'''

lemma zz_step_spec:
  assumes L: "is_LCSC L" and a: "a \<in> Mor L" and step: "zz_step L a b y = Some d"
  shows "d \<in> Mor L \<and> rng L d = src L a \<and> cmp L a d = cmp L b y"
proof -
  let ?P = "\<lambda>d. d \<in> Mor L \<and> rng L d = src L a \<and> cmp L a d = cmp L b y"
  have ex: "\<exists>d. ?P d" using step unfolding zz_step_def by (auto split: if_splits)
  moreover have "d1 = d2" if "?P d1" "?P d2" for d1 d2
    using L a that unfolding is_LCSC_def left_cancellative_def by metis
  ultimately have "\<exists>!d. ?P d" by blast
  moreover have "d = (THE d. ?P d)" using step ex unfolding zz_step_def by (auto split: if_splits)
  ultimately show ?thesis using theI'[of ?P] by simp
qed

lemma zz_step_acts_by:
  assumes L: "is_LCSC L" and G: "is_groupoid G" and F: "injective_functor L G F"
    and ab: "a \<in> Mor L" "b \<in> Mor L" "rng L a = rng L b"
  shows "\<exists>g. acts_by L G F (zz_step L a b) (src L b) (src L a) g"
proof -
  have CG: "is_category G" using G unfolding is_groupoid_def by blast
  have Fa: "F a \<in> Mor G" and Fb: "F b \<in> Mor G" using functor_mor[OF F] ab by auto
  obtain h where h: "h \<in> Mor G" "src G h = rng G (F a)" "rng G h = src G (F a)"
    "cmp G h (F a) = src G (F a)" using groupoid_inverse[OF G Fa] by blast
  have hFb: "src G h = rng G (F b)" using h functor_rng[OF F] ab by simp
  define g where "g = cmp G h (F b)"
  have g: "g \<in> Mor G" "src G g = F (src L b)" "rng G g = F (src L a)"
    unfolding g_def using cat_cmp_mor[OF CG h(1) Fb hFb] cat_src_cmp[OF CG h(1) Fb hFb]
      cat_rng_cmp[OF CG h(1) Fb hFb] h functor_src[OF F] ab by auto
  have "d \<in> vMor L (src L a) \<and> F d = cmp G g (F y)"
    if y: "y \<in> vMor L (src L b)" and step: "zz_step L a b y = Some d" for y d
  proof -
    have y': "y \<in> Mor L" "src L b = rng L y" using y unfolding vMor_def by auto
    have d: "d \<in> Mor L" "rng L d = src L a" "cmp L a d = cmp L b y"
      using zz_step_spec[OF L ab(1) step] by auto
    have Fy: "F y \<in> Mor G" "src G (F b) = rng G (F y)"
      using functor_mor[OF F] functor_src[OF F] functor_rng[OF F] y' ab by auto
    have Fd: "F d \<in> Mor G" "src G (F a) = rng G (F d)"
      using functor_mor[OF F] functor_src[OF F] functor_rng[OF F] d ab by auto
    have "F d = cmp G (cmp G h (F a)) (F d)" using h Fd cat_lid[OF CG Fd(1)] by simp
    also have "\<dots> = cmp G h (F (cmp L a d))"
      using cat_assoc[OF CG h(1) Fa Fd(1)] h Fd functor_cmp[OF F ab(1) d(1)] d by simp
    also have "\<dots> = cmp G h (cmp G (F b) (F y))" using d functor_cmp[OF F ab(2) y'(1)] y' by simp
    also have "\<dots> = cmp G g (F y)" unfolding g_def using cat_assoc[OF CG h(1) Fb Fy(1) hFb Fy(2)] ..
    finally show ?thesis using d unfolding vMor_def by simp
  qed
  then show ?thesis using g unfolding acts_by_def by blast
qed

'''

__PROBLEM DESCRIPTION__. Check every line of the data above for the string "Some", and copy those that have it.

__RESULT BELOW__.
  assumes L: "is_LCSC L" and a: "a \<in> Mor L" and step: "zz_step L a b y = Some d"
    if y: "y \<in> vMor L (src L b)" and step: "zz_step L a b y = Some d" for y d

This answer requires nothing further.